# DCFemTech Tour de Code: Data Science & Machine Learning Tutorial

### Tutorial Overview
This tutorial is divided into 2 parts. During the first half of the tutorial, we introduce data cleaning and exploratory data analysis. The second half will cover more advanced topics such as Machine Learning.

At any point during the tutorial if you get stuck or need further clarification, please do not hesitate to raise your hand so that a facilitator can help you.

### Dataset
The dataset `census.csv`  was derived from the Census Bureau Database and is a comprehensive record of over 48,000 individuals and their socio-economic information.

### The Challenge
Determine a person's income level based on the socio-economic based on the socio-economic measures given.


## Part 1: Data Cleaning & Exploratory Data Analysis


## Getting Started

<font color=blue> Please install the necessary Python packages before starting this notebook. The packages used are:
- pandas (as pd)
- numpy (as np)
- datetime (as dt)
- plotly (plotly.plotly as py / plotly.graph_objs as go)
- matplotlib.pyplot (as plt)
- seaborn (as sns)
    
</font>

#### STEP 1: IMPORT THE PACKAGES
Import the packages we'll be using during the exercise. This has already been done for you. Just select the cell and click "Run" (or Shift+Return on Macbooks) to execute the package installation. 

Remember, if you're using Anaconda, you'll need to create a new kernel (follow the instructions in the participant's guide).

In [None]:
# This are the packages you need. Simply run this cell.
from IPython.display import display

import pandas as pd
import numpy as np
import datetime as dt

import plotly
import plotly.plotly as py
import plotly.graph_objs as go
plotly.offline.init_notebook_mode()
from plotly.offline import *

import matplotlib.pyplot as plt
import seaborn as sns
pd.set_option('max_rows', 999) # default is 60 rows

#Always set a random seed to replicate your results
np.random.seed(44)

Now that you have your packages installed, we will load our census data from our csv (comma-separated value) file into a **Pandas DataFrame**. A dataframe is which is a 2-dimensional labeled data structure with columns of potentially different types. Each row has a unique label (the row index), and each column has a unique label (the column index). Simply stated, a dataframe is a table of data, similar to a spreadsheet or SQL table.

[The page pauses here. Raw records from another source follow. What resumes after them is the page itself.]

(* Let $G=\mathbf{R}^k\times H$ where $H$ is a locally compact group having a compact open subgroup. Let $L$ be a closed subgroup of $G$ and let $L_1$ be the closure of the projection of $L$ to $H$. Then the path-connected component of $L$ in $\mathcal{S}(G)$ contains all subgroups $W\times L_1$ with $W$ a closed subgroup of $\mathbf{R}^k$. In particular, if $k\ge1$, the path-connected component of $L$ in $\mathcal{S}(G)$ is not reduced to $\{L\}$.
   Context: $\mathcal{S}(G)$ is the space of closed subgroups of $G$ with the Chabauty topology (basic open sets $\{F: F\cap K=\emptyset,\ F\cap U_i\ne\emptyset\ \forall i\}$, $K$ compact, $U_i$ open). *)

theory Defs
  imports "HOL-Analysis.Analysis"
begin

definition is_subgroup :: "'a::group_add set \<Rightarrow> bool" where
  "is_subgroup S \<longleftrightarrow> 0 \<in> S \<and> (\<forall>x\<in>S. \<forall>y\<in>S. x + y \<in> S) \<and> (\<forall>x\<in>S. - x \<in> S)"

definition closed_subgroup :: "'a::{group_add,topological_space} set \<Rightarrow> bool" where
  "closed_subgroup S \<longleftrightarrow> closed S \<and> is_subgroup S"

text \<open>The Chabauty topology on the space S(G) of closed subgroups: generated by the sets
  {F. F \<inter> K = {}} (K compact) and {F. F \<inter> U \<noteq> {}} (U open), restricted to closed subgroups.
  (Finite intersections of subbasic sets give exactly the basic open sets of the paper.)\<close>
definition chabauty :: "'a::{group_add,topological_space} set topology" where
  "chabauty = subtopology
     (topology_generated_by
        ({{F. F \<inter> K = {}} | K. compact K} \<union> {{F. F \<inter> U \<noteq> {}} | U. open U}))
     {S. closed_subgroup S}"

end

theory Submission
  imports Defs
begin

(*
  All paths are built from the rescalings  rescale s M = {(s v, h) | (v, h) in M},  which vary
  continuously with s <> 0; Chabauty convergence is handled through the criterion chabauty_tendsto.
  - Contraction: for A = {v | (v, c) in L for some c in K}, rescale s L tends to span A x L1
    as s -> 0+, so L is joined to span A x L1.
  - Expansion: a linear subspace V is the orthogonal complement of a finite orthonormal set E,
    and integer_points E = {x | x . e in Z for all e in E} spans R^k. Rescaled by s -> oo,
    integer_points E x L1 tends to V x L1; by contraction it is also joined to R^k x L1.
*)

section \<open>Closed subgroups\<close>

lemma is_subgroupI:
  "0 \<in> S \<Longrightarrow> (\<And>x y. x \<in> S \<Longrightarrow> y \<in> S \<Longrightarrow> x + y \<in> S) \<Longrightarrow> (\<And>x. x \<in> S \<Longrightarrow> - x \<in> S)
    \<Longrightarrow> is_subgroup S"
  unfolding is_subgroup_def by blast

lemma is_subgroupD:
  assumes "is_subgroup S"
  shows "0 \<in> S" "x \<in> S \<Longrightarrow> y \<in> S \<Longrightarrow> x + y \<in> S" "x \<in> S \<Longrightarrow> - x \<in> S"
  using assms unfolding is_subgroup_def by blast+

lemma closed_subgroup_Times:
  "closed_subgroup A \<Longrightarrow> closed_subgroup B \<Longrightarrow> closed_subgroup (A \<times> B)"
  unfolding closed_subgroup_def is_subgroup_def
  by (auto simp: closed_Times zero_prod_def plus_prod_def uminus_prod_def)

A csv file is a text file containing data in table form, where columns are separated using the ‘,’ comma character, and rows are on separate lines. Loading a csv file is made extremely simple with the `.read_csv()` function in Pandas, once you know the path to your file. 

In [None]:
#Run this line to "read-in" your dataset
census = pd.read_csv("datasets/census.csv")

Once you've read in the data, use the `.head()` method, which prints the first 5 rows (by default). You can use this method to inspect just the beginning of the data.

In [None]:
#Run this to see the first 5 rows of your dataset
census.head()

In [None]:
census.head(30) # Prints the first 30 rows

Want to see the last rows of your dataset? Using the `.tail()` method, inspect the end of the data.

In [None]:
#use .tail() method to see the bottowm rows
census.tail()

Use `.columns` to get a list of all the column names. 

In [None]:
census.columns
#where did the () go? 

Looks like some colums have extra white space at the beginning or the end (race, income). Let's quickly remove these leading and trailing whitespaces


In [None]:
#Remove leading or trailing whitespace from columns:
census.columns = census.columns.str.strip()

In [None]:
#Our column names won't work. We strongly recommend removing dashes and only using underscores
census.columns = census.columns.str.replace('-', '_')

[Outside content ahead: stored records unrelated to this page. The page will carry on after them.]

lemma strong_bernoulli_factory_one_minus_nth_sums:
  assumes "strong_bernoulli_factory t P" "y \<in> P"
  shows "(\<lambda>d. leaf_sum t y d (\<lambda>v. 1 - v $ l)) sums (1 - y $ l)"
proof -
  have eq: "leaf_sum t y d (\<lambda>v. 1 - v $ l) = prob_T_eq t y d - leaf_sum t y d (\<lambda>v. v $ l)" for d
    unfolding prob_T_eq_def leaf_sum_def leaf_weight_def sum_subtractf[symmetric]
    by (intro sum.cong refl) (simp split: bf_label.split add: algebra_simps)
  have "prob_T_eq t y sums 1"
    using assms unfolding strong_bernoulli_factory_def by blast
  from sums_diff[OF this strong_bernoulli_factory_nth_sums[OF assms]] show ?thesis
    unfolding eq .
qed

lemma reachable_leaf_value_eq_0_if_sums_0:
  assumes bf: "bernoulli_factory t V" and x: "x \<in> cbox 0 1"
    and g: "\<And>v. v \<in> V \<Longrightarrow> 0 \<le> g v" and sums0: "(\<lambda>d. leaf_sum t x d g) sums 0"
    and leaf: "t w = Leaf v" "reach_prob t x w \<noteq> 0"
  shows "g v = 0"
proof -
  have "0 \<le> leaf_sum t x d g" for d
    using leaf_sum_nonneg[OF bf x] g .
  moreover have "summable (\<lambda>d. leaf_sum t x d g)" "(\<Sum>d. leaf_sum t x d g) = 0"
    using sums0 by (simp_all add: sums_iff)
  ultimately have "leaf_sum t x (length w) g = 0"
    using suminf_eq_zero_iff by blast
  moreover have "0 \<le> leaf_weight t x g u" for u
    using leaf_weight_nonneg[OF bf x] g .
  ultimately have "leaf_weight t x g w = 0"
    unfolding leaf_sum_def by (subst (asm) sum_nonneg_eq_0_iff) (auto simp: finite_list_length)
  then show ?thesis
    using leaf unfolding leaf_weight_def by simp
qed

lemma vertices_subset: "vertices P \<subseteq> P"
  unfolding vertices_def extreme_point_of_def by blast

lemma reachable_leaf_nth_eq_if_01:
  assumes sbf: "strong_bernoulli_factory t P" and P: "P \<subseteq> cbox 0 1"
    and y: "y \<in> P" "y $ l \<in> {0, 1}" and leaf: "t w = Leaf v" "reach_prob t y w \<noteq> 0"
  shows "v $ l = y $ l"
proof -
  have bf: "bernoulli_factory t (vertices P)" and "y \<in> cbox 0 1"
    using assms unfolding strong_bernoulli_factory_def by auto
  have u: "0 \<le> u $ l \<and> u $ l \<le> 1" if "u \<in> vertices P" for u
    using P vertices_subset that by (force simp: mem_box_cart)
  note leaf_value_eq_0 = reachable_leaf_value_eq_0_if_sums_0[OF bf \<open>y \<in> cbox 0 1\<close> _ _ leaf]
  from y(2) consider "y $ l = 0" | "y $ l = 1"
    by blast
  then show ?thesis
  proof cases
    case 1
    then show ?thesis
      using leaf_value_eq_0[of "\<lambda>u. u $ l"] strong_bernoulli_factory_nth_sums[OF sbf y(1), of l] u
      by simp
  next
    case 2
    then show ?thesis
      using leaf_value_eq_0[of "\<lambda>u. 1 - u $ l"] strong_bernoulli_factory_one_minus_nth_sums[OF sbf y(1), of l] u
      by simp
  qed
qed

The `.shape` command gives information on the size of the dataset. The first number is the number of rows and the second is the number of columns.

#### Q. How many rows and columns are in the data set? 

In [None]:
#input number of rows and columns here

Many dataframes have mixed data types, that is, some columns are integers, some are strings, and some are dates etc. Internally, csv files do not contain information on what data types are contained in each column. Pandas infers the data types when loading the data.

Use the `.dtypes` method to check the types of each column.

*Note: strings are loaded as ‘object’ datatypes.*

In [None]:
#Use the .dtypes method here

Use `.describe()`, `.unique()`, and `.info()` to do more basic exploration before we begin cleaning the data.

In [None]:
# enter .describe(), .unique() and .info() here:

In [None]:
census.describe()

## Selecting Data

We can select a column of data using the name of the column as shown below:

In [None]:
#How to choose a column/series:
census['age']

In [None]:
#In pandas, you can also use a . to select a column/series
census.age

In [None]:
census[['age']] # Selects index and column name

In [None]:
census[['age','sex', 'education']] # Selects multiple columns

Now try it yourself. 
#### Q. Print the occupation column.

In [None]:
#Print occupation column:

#### Q. Print the marital status, relationship, and age columns below:

In [None]:
#Marital status column/series:

In [None]:
#Relationship column/series:

In [None]:
#Age column/series:

## Cleaning the data
Perfect data sets are rare. There are advanced techniques for cleaning messy data sets. The primary goal should be to tidy the data. The two principals of tidy data are as follows:
* Each column represents a variable. Each row represents an observation.
* Similar data grouped together is a dataset.

### Missing Value(s)
Are there any missing data? Any outliers? Shown here we see that the oldest person is **90** years old. Does that make sense? What other areas can you check to see where data is missing or not statistically representative? 

Cleanse the data by removing outlying observations with spurious or erronous data.

In [None]:
#Data cleaning here:

To find the number of nulls per column you can use the `.isnull()` and `.sum()` function:

In [None]:
null_sum = census.isnull().sum() #sum of all the nulls
null_sum

You can also visualize this by plotting the number of nulls per column:

In [None]:
#How to make a bar graph. And how to plot null values

null_sum.plot(kind='bar') # Specifies a bar graph
plt.title('Number of null values per column') # Creates a title for the graph
plt.show() # Displays the graph

Now that we have identified outliers and missing data, let's try removing them. Pandas uses the `.drop()` function to remove rows and columns. 

Let's first try removing a column. To delete a column, use the name of the column, and specify the “axis” as 1 (rows are axis=2)

In [None]:
# Delete the column titled "native-country" and preview the first 5 row.
census.drop("native_country", axis=1).head(5)

Now let's try removing some row. To delete a row, use the index labels, and specify the "axis" as 0.

In [None]:
# Delete the rows with label 2 and preview the first 5 rows.
census.drop([2], axis=0).head(5)

Notice how if you print the dataframe, the previously deleted column and row are still there! 

Take a minute and discuss this with the person sitting next to you as to why this could be.

In [None]:
census.head()
#census.shape  #uncomment census.shape to see how many rows and columns there are

If we want to remove rows which contain missing values, we can use the `.dropna()` function. We can also specify whether we want to drop a row if it contains all NA or at least one NA.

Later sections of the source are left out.